Task prompt: Number of lines with "distance" in the listing: report it, and nothing else.

Source records:
*-*-*
(* Let $f(x)=p(x)/q(x)$ where $p,q$ are real polynomials, $q$ not identically zero, $p$ not identically zero, and $p,q$ have no common real zero. Let $\Omega=\mathbb{R}\setminus\{x\in\mathbb{R}:q(x)=0\}$. Then $f:\Omega\to\mathbb{R}$ is amenable.
   Context: Relative distance on $\mathbb{R}$: $\mathrm{dist}(x,y)=0$ if $x=y=0$, $\mathrm{dist}(x,y)=|\log(y/x)|$ if $xy>0$, and $\mathrm{dist}(x,y)=\infty$ otherwise. For a real analytic function $f$ on an open set $\Omega\subseteq\mathbb{R}$, not identically zero, the condition number is $\kappa(f,x)=0$ if $x=0$, $\kappa(f,x)=\infty$ if $x\neq0$ and $f(x)=0$, and $\kappa(f,x)=|x|\,|f'(x)|/|f(x)|$ otherwise; $\mu(f,x)=1+\kappa(f,x)$. $f:\Omega\to\mathbb{R}$ is amenable if there is $C>0$ such that for every $x\in\Omega$ with $\kappa(f,x)<\infty$, the set $B_x=\{y\in\mathbb{R}:\mathrm{dist}(y,x)<1/(C\mu(f,x))\}$ is contained in $\Omega$ and $\mu(f,y)\leq C\mu(f,x)$ for all $y\in B_x$. *)

theory Defs
  imports "HOL-Analysis.Analysis" "HOL-Computational_Algebra.Polynomial"
begin

definition rel_dist :: "real \<Rightarrow> real \<Rightarrow> ereal" where
  "rel_dist x y =
     (if x = 0 \<and> y = 0 then 0
      else if x * y > 0 then ereal \<bar>ln (y / x)\<bar>
      else \<infinity>)"

definition cond_num :: "(real \<Rightarrow> real) \<Rightarrow> real \<Rightarrow> ereal" where
  "cond_num f x =
     (if x = 0 then 0
      else if f x = 0 then \<infinity>
      else ereal (\<bar>x\<bar> * \<bar>deriv f x\<bar> / \<bar>f x\<bar>))"

definition mu_num :: "(real \<Rightarrow> real) \<Rightarrow> real \<Rightarrow> ereal" where
  "mu_num f x = 1 + cond_num f x"

definition amenable :: "(real \<Rightarrow> real) \<Rightarrow> real set \<Rightarrow> bool" where
  "amenable f \<Omega> \<longleftrightarrow>
     (\<exists>C::real. C > 0 \<and>
        (\<forall>x\<in>\<Omega>. cond_num f x < \<infinity> \<longrightarrow>
           {y. rel_dist y x < 1 / (ereal C * mu_num f x)} \<subseteq> \<Omega> \<and>
           (\<forall>y\<in>{y. rel_dist y x < 1 / (ereal C * mu_num f x)}.
              mu_num f y \<le> ereal C * mu_num f x)))"

end

theory Submission
  imports Defs "HOL-Computational_Algebra.Fundamental_Theorem_Algebra"
begin

text \<open>
  Over \<open>\<complex>\<close>, \<open>x f'(x) / f(x) = \<Sum> m\<^sub>z x / (x - z)\<close>, summed over the zeros (\<open>m\<^sub>z > 0\<close>) and
  poles (\<open>m\<^sub>z < 0\<close>) of \<open>f = p / q\<close>, so \<open>\<kappa>(f, x)\<close> is the modulus of this sum. Let \<open>\<delta>(x)\<close> be the
  relative distance \<open>|x - z| / |x|\<close> from \<open>x\<close> to the nearest such \<open>z\<close>, capped at 1. Each term is
  at most \<open>|m\<^sub>z| / \<delta>(x)\<close>, so \<open>\<mu>(f, x) \<delta>(x)\<close> is bounded above. Distinct zeros and poles are
  separated at a fixed relative scale, so when \<open>\<delta>(x)\<close> is small the nearest one dominates the sum
  and \<open>\<mu>(f, x) \<delta>(x)\<close> is also bounded below. So for large \<open>C\<close> the relative ball of radius
  \<open>1 / (C \<mu>(f, x))\<close> has radius at most \<open>\<delta>(x) / 4\<close>; on it \<open>\<delta>\<close> shrinks by at most a factor 4,
  hence \<open>\<mu>(f, y) \<le> C \<mu>(f, x)\<close> and the ball contains no pole. Since \<open>p\<close> and \<open>q\<close> have no common real zero, every real zero of
  \<open>q\<close> is a pole, so the ball stays inside \<open>\<Omega>\<close>.
\<close>

lemma abs_diff_one_le_abs_ln:
  fixes s :: real
  assumes "0 < s" and "\<bar>ln s\<bar> \<le> 1/2"
  shows "\<bar>s - 1\<bar> \<le> 2 * \<bar>ln s\<bar>"
proof -
  have s: "s = exp (ln s)" using assms(1) by simp
  have "exp (ln s) \<le> 1 + 2 * \<bar>ln s\<bar>"
    using exp_bound_lemma[of "ln s"] assms(2) by auto
  moreover have "1 + ln s \<le> exp (ln s)" by (rule exp_ge_add_one_self)
  ultimately show ?thesis using s by linarith
qed

section \<open>Logarithmic derivatives of polynomials\<close>

lemma poly_map_poly_of_real:
  "poly (map_poly of_real p) (of_real x) = (of_real (poly p x) :: complex)"
  by (induction p) (auto simp: map_poly_pCons)

lemma pderiv_map_poly_of_real:
  "pderiv (map_poly of_real p) = (map_poly of_real (pderiv p) :: complex poly)"
  by (rule poly_eqI) (simp add: coeff_pderiv coeff_map_poly)

lemma map_poly_of_real_eq_0_iff [simp]: "(map_poly of_real p :: complex poly) = 0 \<longleftrightarrow> p = 0"
  by (simp add: map_poly_eq_0_iff)

lemma poly_pderiv_prod_div:
  fixes f :: "'i \<Rightarrow> 'a::field poly"
  assumes "finite I" and "\<forall>i\<in>I. poly (f i) w \<noteq> 0"
  shows "poly (pderiv (\<Prod>i\<in>I. f i)) w / poly (\<Prod>i\<in>I. f i) w
           = (\<Sum>i\<in>I. poly (pderiv (f i)) w / poly (f i) w)"
  using assms
proof (induction I rule: finite_induct)
  case (insert j I)
  have "poly (\<Prod>i\<in>I. f i) w \<noteq> 0" "poly (f j) w \<noteq> 0"
    using insert.prems by (auto simp: poly_prod insert.hyps(1))
  with insert show ?case
    by (simp add: pderiv_mult field_simps)
qed simp_all

lemma poly_pderiv_linear_power_div:
  fixes z w :: "'a::field"
  assumes "w \<noteq> z"
  shows "poly (pderiv ([:-z, 1:] ^ n)) w / poly ([:-z, 1:] ^ n) w = of_nat n / (w - z)"
proof (cases n)
  case (Suc k)
  have "pderiv ([:-z, 1:] ^ Suc k) = smult (of_nat (Suc k)) ([:-z, 1:] ^ k)"
    by (simp add: pderiv_power_Suc pderiv_pCons del: power_Suc)
  with assms Suc show ?thesis
    by (simp add: field_simps)
qed simp

lemma poly_pderiv_div_complex:
  fixes P :: "complex poly"
  assumes "P \<noteq> 0" and "poly P w \<noteq> 0"
  shows "poly (pderiv P) w / poly P w = (\<Sum>z | poly P z = 0. of_nat (order z P) / (w - z))"
proof -
  let ?R = "{z. poly P z = 0}"
  let ?F = "\<lambda>z. [:-z, 1:] ^ order z P"
  have "poly (pderiv P) w / poly P w = poly (pderiv (\<Prod>z\<in>?R. ?F z)) w / poly (\<Prod>z\<in>?R. ?F z) w"
    using assms by (subst (1 2) complex_poly_decompose[symmetric]) (simp add: pderiv_smult)
  also have "\<dots> = (\<Sum>z\<in>?R. poly (pderiv (?F z)) w / poly (?F z) w)"
    using assms by (intro poly_pderiv_prod_div poly_roots_finite) auto
  also have "\<dots> = (\<Sum>z\<in>?R. of_nat (order z P) / (w - z))"
    using assms(2) by (intro sum.cong refl poly_pderiv_linear_power_div) auto
  finally show ?thesis .
qed

section \<open>Elasticity of a product of linear factors\<close>

text \<open>For \<open>g(w) = \<Prod>\<^sub>z (w - z) ^ m z\<close> with finitely many \<open>m z \<noteq> 0\<close>,
  \<open>elasticity m x = x g'(x) / g(x)\<close>.\<close>

definition elasticity :: "(complex \<Rightarrow> int) \<Rightarrow> real \<Rightarrow> complex" where
  "elasticity m x = (\<Sum>z | m z \<noteq> 0. of_int (m z) * (of_real x / (of_real x - z)))"

definition rel_cdist :: "real \<Rightarrow> complex \<Rightarrow> real" where
  "rel_cdist x z = cmod (of_real x - z) / \<bar>x\<bar>"

definition rel_root_dist :: "(complex \<Rightarrow> int) \<Rightarrow> real \<Rightarrow> real" where
  "rel_root_dist m x = Min (insert 1 (rel_cdist x ` {z. m z \<noteq> 0}))"

definition total_multiplicity :: "(complex \<Rightarrow> int) \<Rightarrow> real" where
  "total_multiplicity m = (\<Sum>z | m z \<noteq> 0. \<bar>of_int (m z)\<bar>)"

lemma total_multiplicity_nonneg: "0 \<le> total_multiplicity m"
  unfolding total_multiplicity_def by (intro sum_nonneg) simp

lemma norm_elasticity_term:
  "cmod (of_int k * (of_real x / (of_real x - z))) = \<bar>of_int k\<bar> / rel_cdist x z"
  by (simp add: rel_cdist_def norm_mult norm_divide)

lemma norm_elasticity_term_le:
  assumes "0 < d" and "d \<le> rel_cdist x z"
  shows "cmod (of_int k * (of_real x / (of_real x - z))) \<le> \<bar>of_int k\<bar> / d"
  unfolding norm_elasticity_term using assms by (intro divide_left_mono) auto

lemma finite_imp_rel_separated:
  fixes A :: "complex set"
  assumes "finite A"
  obtains \<epsilon> where "0 < \<epsilon>" and "\<epsilon> \<le> 1"
    and "\<And>x z w. x \<noteq> 0 \<Longrightarrow> z \<in> A \<Longrightarrow> w \<in> A
           \<Longrightarrow> rel_cdist x z < \<epsilon> \<Longrightarrow> rel_cdist x w < \<epsilon> \<Longrightarrow> z = w"
proof
  \<comment> \<open>Points within relative distance \<open>\<epsilon> \<le> 1/2\<close> of \<open>x\<close> satisfy \<open>|x| < 2|z|\<close>, so they are \<open>4\<epsilon>|z|\<close>-close to each other.\<close>
  define D where "D = (\<lambda>(z, w). cmod (z - w) / (4 * cmod z)) ` {(z, w) \<in> A \<times> A. z \<noteq> w \<and> z \<noteq> 0}"
  define \<epsilon> where "\<epsilon> = Min (insert (1/2) D)"
  have "finite D" unfolding D_def using assms by (auto intro: finite_subset[of _ "A \<times> A"])
  then show "0 < \<epsilon>" unfolding \<epsilon>_def D_def by (subst Min_gr_iff) auto
  have "\<epsilon> \<le> 1/2" unfolding \<epsilon>_def using \<open>finite D\<close> by (subst Min_le_iff) auto
  then show "\<epsilon> \<le> 1" by simp
  fix x :: real and z w
  assume "x \<noteq> 0" "z \<in> A" "w \<in> A" and "rel_cdist x z < \<epsilon>" "rel_cdist x w < \<epsilon>"
  then have close: "cmod (of_real x - z) < \<epsilon> * \<bar>x\<bar>" "cmod (of_real x - w) < \<epsilon> * \<bar>x\<bar>"
    by (simp_all add: rel_cdist_def divide_less_eq)
  have "\<bar>x\<bar> \<le> cmod z + cmod (of_real x - z)"
    using norm_triangle_ineq[of z "of_real x - z"] by simp
  then have "\<bar>x\<bar> < 2 * cmod z"
    using close(1) mult_right_mono[OF \<open>\<epsilon> \<le> 1/2\<close> abs_ge_zero[of x]] by linarith
  have "cmod (z - w) \<le> cmod (of_real x - z) + cmod (of_real x - w)"
    using norm_triangle_ineq4[of "of_real x - w" "of_real x - z"] by (simp add: norm_minus_commute)
  also have "\<dots> < 2 * (\<epsilon> * \<bar>x\<bar>)"
    using close by simp
  also have "\<dots> \<le> 4 * \<epsilon> * cmod z"
    using \<open>\<bar>x\<bar> < 2 * cmod z\<close> \<open>0 < \<epsilon>\<close> by simp
  finally have "cmod (z - w) < 4 * \<epsilon> * cmod z" .
  show "z = w"
  proof (rule ccontr)
    assume "z \<noteq> w"
    have "z \<noteq> 0" using \<open>\<bar>x\<bar> < 2 * cmod z\<close> by auto
    with \<open>z \<noteq> w\<close> \<open>z \<in> A\<close> \<open>w \<in> A\<close> have "\<epsilon> \<le> cmod (z - w) / (4 * cmod z)"
      unfolding \<epsilon>_def D_def using \<open>finite D\<close>[unfolded D_def] by (intro Min_le) auto
    with \<open>z \<noteq> 0\<close> \<open>cmod (z - w) < 4 * \<epsilon> * cmod z\<close> show False by (simp add: field_simps)
  qed
qed

context
  fixes m :: "complex \<Rightarrow> int"
  assumes finite_support: "finite {z. m z \<noteq> 0}"
begin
*-*-*
Result for this exercise: 3